Gopal Gund’s Enduring Legacy: How the 1896 Urus Fair in Shirdi Continues to Unite Communities Today

In 1896, a man named Gopal Gund started the Urus fair in Shirdi, India. The fair was held annually in honor of the Muslim saint, Pir Haji Ali Shah Bukhari, and it soon became a major event in the town.

Shirdi was a small village in Maharashtra at the time, and the fair was initially a small-scale event. However, as word of the fair spread, it began to attract people from all over the region.

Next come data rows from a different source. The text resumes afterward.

lemma Phi_zero: "Phi 0 = 1/2"
proof -
  have "\<phi> (- t) = \<phi> t" for t
    by (simp add: std_normal_density_def)
  then have "(LBINT t=0..\<infinity>. \<phi> t) = (LBINT t=-\<infinity>..0. \<phi> t)"
    by (subst interval_integral_reflect) simp
  moreover have "(LBINT t=-\<infinity>..0. \<phi> t) + (LBINT t=0..\<infinity>. \<phi> t) = 1"
    using interval_integral_sum[of "-\<infinity>" 0 "\<infinity>" \<phi>]
    by (simp add: interval_integrable_std_normal_density interval_lebesgue_integral_def
                  set_lebesgue_integral_def)
  ultimately show ?thesis
    using Phi_eq_interval_integral[of 0] by (simp add: zero_ereal_def)
qed

lemma Phi_has_real_derivative: "(Phi has_real_derivative \<phi> x) (at x)"
proof -
  let ?I = "{min 0 x - 1..max 0 x + 1}"
  have "continuous_on ?I \<phi>"
    unfolding std_normal_density_def by (intro continuous_intros) auto
  from interval_integral_FTC2[OF _ _ this, of 0 x]
  have "((\<lambda>u. LBINT t=0..u. \<phi> t) has_vector_derivative \<phi> x) (at x within ?I)"
    by (simp add: zero_ereal_def)
  then have "((\<lambda>u. Phi 0 + (LBINT t=0..u. \<phi> t)) has_real_derivative \<phi> x) (at x)"
    by (subst (asm) at_within_Icc_at)
       (auto simp: has_real_derivative_iff_has_vector_derivative intro!: derivative_eq_intros)
  then show ?thesis
    by (simp flip: Phi_eq_Phi_zero_plus)
qed

lemma std_normal_density_eq: "\<phi> t = exp (- (t^2) / 2) / sqrt (2 * pi)"
  by (simp add: std_normal_density_def)

lemma std_normal_density_pos: "\<phi> t > 0"
  by (simp add: std_normal_density_eq)

lemma std_normal_density_add:
  "\<phi> (x + s) = \<phi> x * exp (- (x * s)) * exp (- (s^2) / 2)"
proof -
  have "- ((x + s)^2) / 2 = - (x^2) / 2 + - (x * s) + - (s^2) / 2"
    by (simp add: power2_eq_square field_simps)
  then have "exp (- ((x + s)^2) / 2) = exp (- (x^2) / 2) * exp (- (x * s)) * exp (- (s^2) / 2)"
    by (simp add: exp_add[symmetric])
  then show ?thesis
    by (simp add: std_normal_density_eq)
qed

lemma std_normal_density_add_plus_diff:
  "\<phi> (x + s) + \<phi> (x - s) = 2 * \<phi> x * exp (- (s^2) / 2) * cosh (x * s)"
  using std_normal_density_add[of x s] std_normal_density_add[of x "- s"]
  by (simp add: cosh_field_def algebra_simps)

lemma std_normal_density_diff_minus_add:
  "\<phi> (x - s) - \<phi> (x + s) = 2 * \<phi> x * exp (- (s^2) / 2) * sinh (x * s)"
  using std_normal_density_add[of x s] std_normal_density_add[of x "- s"]
  by (simp add: sinh_field_def algebra_simps)

lemma std_normal_density_has_real_derivative_chain [derivative_intros]:
  assumes "(f has_real_derivative f') (at x within S)"
  shows "((\<lambda>t. \<phi> (f t)) has_real_derivative - f x * \<phi> (f x) * f') (at x within S)"
proof -
  have "(\<phi> has_real_derivative - t * \<phi> t) (at t)" for t
    unfolding std_normal_density_eq[abs_def]
    by (auto intro!: derivative_eq_intros simp: std_normal_density_eq field_simps)
  from DERIV_chain2[OF this assms] show ?thesis
    by simp
qed

lemma Phi_has_real_derivative_chain [derivative_intros]:
  "(f has_real_derivative f') (at x within S) \<Longrightarrow>
   ((\<lambda>t. Phi (f t)) has_real_derivative \<phi> (f x) * f') (at x within S)"
  by (rule DERIV_chain2[OF Phi_has_real_derivative])

lemma Phi_minus: "Phi (- t) = 1 - Phi t"
proof -
  have "\<forall>x. ((\<lambda>t. Phi t + Phi (- t)) has_real_derivative 0) (at x)"
    by (auto intro!: derivative_eq_intros simp: std_normal_density_def)
  from DERIV_isconst_all[OF this, of t 0] show ?thesis
    by (simp add: Phi_zero)
qed

lemma Phi_less: "a < b \<Longrightarrow> Phi a < Phi b"
  by (rule DERIV_pos_open_imp_less[OF _ Phi_has_real_derivative]) (auto intro: std_normal_density_pos)

definition Phi_window :: "real \<Rightarrow> real \<Rightarrow> real" where
  "Phi_window c x = Phi (x + c) - Phi (x - c)"

lemma Phi_window_pos: "c > 0 \<Longrightarrow> Phi_window c x > 0"
  using Phi_less[of "x - c" "x + c"] by (simp add: Phi_window_def)

lemma Phi_window_abs: "Phi_window c \<bar>x\<bar> = Phi_window c x"
  using Phi_minus[of "x + c"] Phi_minus[of "x - c"] by (simp add: Phi_window_def abs_if)

lemma Phi_window_minus_width: "Phi_window (- c) x = - Phi_window c x"
  by (simp add: Phi_window_def)

lemma Phi_window_has_real_derivative [derivative_intros]:
  "(Phi_window c has_real_derivative \<phi> (x + c) - \<phi> (x - c)) (at x)"
  unfolding Phi_window_def[abs_def] by (auto intro!: derivative_eq_intros)

lemma Phi_window_deriv_gt:
  assumes "x > 0" "c > 0"
  shows "\<phi> (x + c) - \<phi> (x - c) > - x * Phi_window c x"
proof -
  define D where "D s = x * (Phi (x + s) - Phi (x - s)) - (\<phi> (x - s) - \<phi> (x + s))" for s
  have "(D has_real_derivative s * (\<phi> (x - s) - \<phi> (x + s))) (at s)" for s
    unfolding D_def[abs_def] by (auto intro!: derivative_eq_intros simp: algebra_simps)
  moreover have "s * (\<phi> (x - s) - \<phi> (x + s)) > 0" if "s > 0" for s
    using that assms std_normal_density_diff_minus_add[of x s] std_normal_density_pos[of x]
    by simp
  ultimately have "D 0 < D c"
    by (rule DERIV_pos_open_imp_less[OF assms(2)])
  then show ?thesis
    by (simp add: D_def Phi_window_def)
qed

lemma Phi_window_mult_exp_less:
  assumes "c > 0" "0 \<le> a" "a < b"
  shows "Phi_window c a * exp (a^2 / 2) < Phi_window c b * exp (b^2 / 2)"
proof -
  have "((\<lambda>t. Phi_window c t * exp (t^2 / 2)) has_real_derivative
      exp (t^2 / 2) * (\<phi> (t + c) - \<phi> (t - c) + t * Phi_window c t)) (at t)" for t
    by (auto intro!: derivative_eq_intros simp: algebra_simps)
  moreover have "exp (t^2 / 2) * (\<phi> (t + c) - \<phi> (t - c) + t * Phi_window c t) > 0" if "a < t" for t
    using Phi_window_deriv_gt[of t c] assms that by simp
  ultimately show ?thesis
    by (rule DERIV_pos_open_imp_less[OF assms(3)])
qed

text \<open>\<open>gauss_integral s = \<integral>\<^sub>0\<^sup>s exp (-t\<^sup>2/2) dt\<close>.\<close>

definition gauss_integral :: "real \<Rightarrow> real" where
  "gauss_integral s = sqrt (2 * pi) * (Phi s - 1 / 2)"

lemma gauss_integral_has_real_derivative:
  "(gauss_integral has_real_derivative exp (- (s^2) / 2)) (at s)"
proof -
  have "(gauss_integral has_real_derivative sqrt (2 * pi) * \<phi> s) (at s)"
    unfolding gauss_integral_def[abs_def] by (auto intro!: derivative_eq_intros)
  then show ?thesis
    by (simp add: std_normal_density_eq)
qed

lemma gauss_integral_zero: "gauss_integral 0 = 0"
  by (simp add: gauss_integral_def Phi_zero)

lemma gauss_integral_minus: "gauss_integral (- s) = - gauss_integral s"
  by (simp add: gauss_integral_def Phi_minus algebra_simps)

lemma gauss_integral_gt:
  assumes "s > 0"
  shows "gauss_integral s > s * exp (- (s^2) / 2)"
proof -
  have "((\<lambda>s. gauss_integral s - s * exp (- (s^2) / 2)) has_real_derivative
      s^2 * exp (- (s^2) / 2)) (at s)" for s
    by (auto intro!: derivative_eq_intros gauss_integral_has_real_derivative
        simp: power2_eq_square algebra_simps)
  from DERIV_pos_open_imp_less[OF assms this] show ?thesis
    by (simp add: gauss_integral_zero)
qed

lemma gauss_integral_pos: "s > 0 \<Longrightarrow> gauss_integral s > 0"
  using gauss_integral_gt[of s] by (smt (verit) exp_gt_zero mult_pos_pos)

definition normal_beta :: "real \<Rightarrow> real" where
  "normal_beta c = c * exp (- (c^2) / 2) / gauss_integral c"

lemma normal_beta_minus: "normal_beta (- c) = normal_beta c"
  by (simp add: normal_beta_def gauss_integral_minus)

text \<open>\<open>cosh_gauss_integral x s = \<integral>\<^sub>0\<^sup>s exp (-t\<^sup>2/2) cosh (x t) dt\<close>,
  as its derivative in \<open>s\<close> shows.\<close>

definition cosh_gauss_integral :: "real \<Rightarrow> real \<Rightarrow> real" where
  "cosh_gauss_integral x s = (Phi (x + s) - Phi (x - s)) / (2 * \<phi> x)"

lemma cosh_gauss_integral_has_real_derivative:
  "(cosh_gauss_integral x has_real_derivative exp (- (s^2) / 2) * cosh (x * s)) (at s)"
proof -
  have "(cosh_gauss_integral x has_real_derivative (\<phi> (x + s) + \<phi> (x - s)) / (2 * \<phi> x)) (at s)"
    unfolding cosh_gauss_integral_def[abs_def] using std_normal_density_pos[of x]
    by (auto intro!: derivative_eq_intros simp: field_simps)
  then show ?thesis
    using std_normal_density_add_plus_diff[of x s] std_normal_density_pos[of x] by simp
qed

lemma cosh_gauss_integral_zero: "cosh_gauss_integral x 0 = 0"
  by (simp add: cosh_gauss_integral_def)

lemma Phi_window_eq_cosh_gauss_integral: "Phi_window c x = 2 * \<phi> x * cosh_gauss_integral x c"
  using std_normal_density_pos[of x] by (simp add: cosh_gauss_integral_def Phi_window_def)

lemma Phi_window_at_zero: "Phi_window c 0 = 2 * \<phi> 0 * gauss_integral c"
  using Phi_minus[of c] by (simp add: Phi_window_def gauss_integral_def std_normal_density_eq algebra_simps)
lemma poly_rename_lin_act:
  fixes g :: "'a::field^'n::finite^'n"
  assumes b: "bij \<pi>"
  shows "lin_act (\<chi> i k. g$i$(inv \<pi> k)) f = poly_rename \<pi> (lin_act g f)"
proof -
  have "poly_rename \<pi> (\<Sum>j\<in>UNIV. Const (g$i$j) * Var j) = (\<Sum>k\<in>UNIV. Const ((\<chi> i k. g$i$(inv \<pi> k))$i$k) * Var k)" for i
  proof -
    have "poly_rename \<pi> (\<Sum>j\<in>UNIV. Const (g$i$j) * Var j) = (\<Sum>j\<in>UNIV. Const (g$i$j) * Var (\<pi> j))"
      by (simp add: b poly_rename_sum poly_rename_mult poly_rename_Const poly_rename_Var)
    also have "\<dots> = (\<Sum>k\<in>UNIV. Const (g$i$(inv \<pi> k)) * Var k)"
      by (rule sum.reindex_bij_witness[where i="inv \<pi>" and j=\<pi>])
         (auto simp: inv_f_f[OF bij_is_inj[OF b]] surj_f_inv_f[OF bij_is_surj[OF b]])
    finally show ?thesis by simp
  qed
  thus ?thesis unfolding lin_act_def by (simp add: poly_rename_subst b)
qed

lemma wdot_mon_rename: "bij \<pi> \<Longrightarrow> wdot \<omega> (mon_rename \<pi> m) = wdot (\<omega> \<circ> inv \<pi>) m"
  unfolding wdot_def
  by (rule sum.reindex_bij_witness[where i="inv \<pi>" and j=\<pi>])
     (auto simp: lookup_mon_rename inv_f_f[OF bij_is_inj] surj_f_inv_f[OF bij_is_surj])

lemma in_form_poly_rename:
  assumes b: "bij \<pi>"
  shows "in_form (\<omega> \<circ> inv \<pi>) (poly_rename \<pi> f) = poly_rename \<pi> (in_form \<omega> (f::('n::finite,'a::comm_ring_1) mpoly))"
proof -
  have "wdot (\<omega> \<circ> inv \<pi>) ` Poly_Mapping.keys (poly_rename \<pi> f)
      = (wdot \<omega> \<circ> mon_rename \<pi>) ` (mon_rename \<pi> -` Poly_Mapping.keys f)"
    by (rule image_cong) (simp_all add: keys_poly_rename b wdot_mon_rename)
  also have "\<dots> = wdot \<omega> ` Poly_Mapping.keys f"
    using bij_is_surj[OF bij_mon_rename[OF b]] by (simp only: image_comp[symmetric]) (simp add: image_vimage_eq)
  finally have min_eq: "wdot (\<omega> \<circ> inv \<pi>) ` (mon_rename \<pi> -` Poly_Mapping.keys f) = wdot \<omega> ` Poly_Mapping.keys f"
    by (simp add: keys_poly_rename b)
  show ?thesis
    by (rule poly_mapping_eqI)
       (simp add: in_form_def lookup_mapp lookup_poly_rename b keys_poly_rename min_eq wdot_mon_rename)
qed
lemma commuting_facet_reflections_orthogonal:
  assumes N: "N = DIM('a::euclidean_space)" and unit: "\<forall>i\<in>{0..N}. norm (u i) = 1"
    and bnd: "bounded (simplex_of N u c)" and int: "interior (simplex_of N u c) \<noteq> {}"
    and ik: "i \<in> {0..N}" "k \<in> {0..N}" "i \<noteq> k"
    and comm: "hreflect (u i) (c i) \<circ> hreflect (u k) (c k) = hreflect (u k) (c k) \<circ> hreflect (u i) (c i)"
  shows "u i \<bullet> (u k :: 'a) = 0"
proof -
  obtain p where "p \<in> interior (simplex_of N u c)" using int by blast
  then obtain v :: 'a where "u i \<bullet> v = c i" "c k < u k \<bullet> v"
    using simplex_of_vertex[OF N unit bnd _ ik(2)] ik by blast
  then show ?thesis
    using hreflect_commute_imp_orthogonal[OF _ _ comm] unit ik by force
qed

lemma irreducible_diagram_edge_at_0:
  assumes "irreducible_diagram N u" "N \<ge> 1"
  shows "\<exists>k\<in>{0..N}. k \<noteq> 0 \<and> u 0 \<bullet> u k \<noteq> 0"
proof -
  have "(0, 1) \<in> (diagram_edges N u)\<^sup>*"
    using assms unfolding irreducible_diagram_def by auto
  then obtain k where "(0, k) \<in> diagram_edges N u"
    by (metis converse_rtranclE zero_neq_one)
  then show ?thesis unfolding diagram_edges_def by auto
qed
(* In the setting described in the context (consecutive Newton–Anderson iterates $x_{k-1},x_k,x_{k+1}$ with $x_k,x_{k-1}\in B_{\hat r}(x^* )\setminus S$ under Assumption (A)), if the set $R^e_{k+1}$ is nonempty then its minimum $r^e_{k+1}$ satisfies $r^e_{k+1}\le 1$.
   Context: $f:\mathbb{R}^n\to\mathbb{R}^n$ is $C^3$ with $f(x^* )=0$; norms are Euclidean; $N=\operatorname{null}f'(x^* )\neq\{0\}$, $R=\operatorname{range}f'(x^* )$, $\mathbb{R}^n=N\oplus R$, $P_N,P_R$ orthogonal projections; $S=\{x:\det f'(x)=0\}$. Iterates: $e_k=x_k-x^*$, $w_{k+1}=-f'(x_k)^{-1}f(x_k)$; Newton–Anderson: $x_1=x_0+w_1$, and for $k\ge1$, $\gamma_{k+1}=(w_{k+1}-w_k)^Tw_{k+1}/\|w_{k+1}-w_k\|^2$, $x_{k+1}=x_k+w_{k+1}-\gamma_{k+1}(x_k-x_{k-1}+w_{k+1}-w_k)$. $\hat D(x):N\to N$, $v\mapsto P_Nf''(x^* )(x-x^*,v)$. Assumption (A): for $x\in B_{\hat r}(x^* )\setminus S$, $\hat D(x)$ is invertible on $N$, and $f'(x)^{-1}=\hat D(x)^{-1}P_N+\mathcal{O}(1)$ for $\|x-x^*\|<\hat r$. $T_kv=\tfrac12\hat D(x_k)^{-1}P_Nf''(x_k)(e_k,v)$ (range in $N$). Set $q_{k-1}^k:=e_{k+1}-\tfrac12\big((1-\gamma_{k+1})P_Ne_k+\gamma_{k+1}P_Ne_{k-1}\big)-\big((1-\gamma_{k+1})T_kP_Re_k+\gamma_{k+1}T_{k-1}P_Re_{k-1}\big)$. Define the five vectors $a_1=\tfrac{1-\gamma_{k+1}}{2}P_Ne_k$, $a_2=\tfrac{\gamma_{k+1}}{2}P_Ne_{k-1}$, $a_3=(1-\gamma_{k+1})T_kP_Re_k$, $a_4=\gamma_{k+1}T_{k-1}P_Re_{k-1}$, $a_5=P_Nq_{k-1}^k$, so that $P_Ne_{k+1}=a_1+\dots+a_5$. $S^e_{k+1}$ is the set of sums $\sum_{i\in I}a_i$ over nonempty proper subsets $I\subsetneq\{1,\dots,5\}$; $R^e_{k+1}=\{\|P_Ne_{k+1}-E\|/\|E\|:E\in S^e_{k+1},\,E\ne0\}$, and $r^e_{k+1}=\min R^e_{k+1}$. *)

theory Defs
  imports "HOL-Analysis.Analysis"
begin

The fair was held for three days every year and included a variety of activities and attractions. There were stalls selling food, clothing, and other goods, as well as carnival games and rides. Performances of music, dance, and theater were also a popular feature of the fair.

One of the main attractions of the Urus fair was the procession that took place on the final day. The procession included a chariot carrying a statue of Pir Haji Ali Shah Bukhari, as well as musicians and dancers. The procession would wind its way through the streets of Shirdi, with devotees following behind.

The Urus fair became an important event not only for Muslims but also for people of all religions. It was a symbol of the communal harmony that existed in Shirdi, where people of different faiths lived and worked together in peace.

Today, the Urus fair is still held in Shirdi every year, and it continues to be a major attraction for visitors from all over India and beyond. It is a testament to the enduring legacy of Gopal Gund and the spirit of unity that he helped to foster in Shirdi.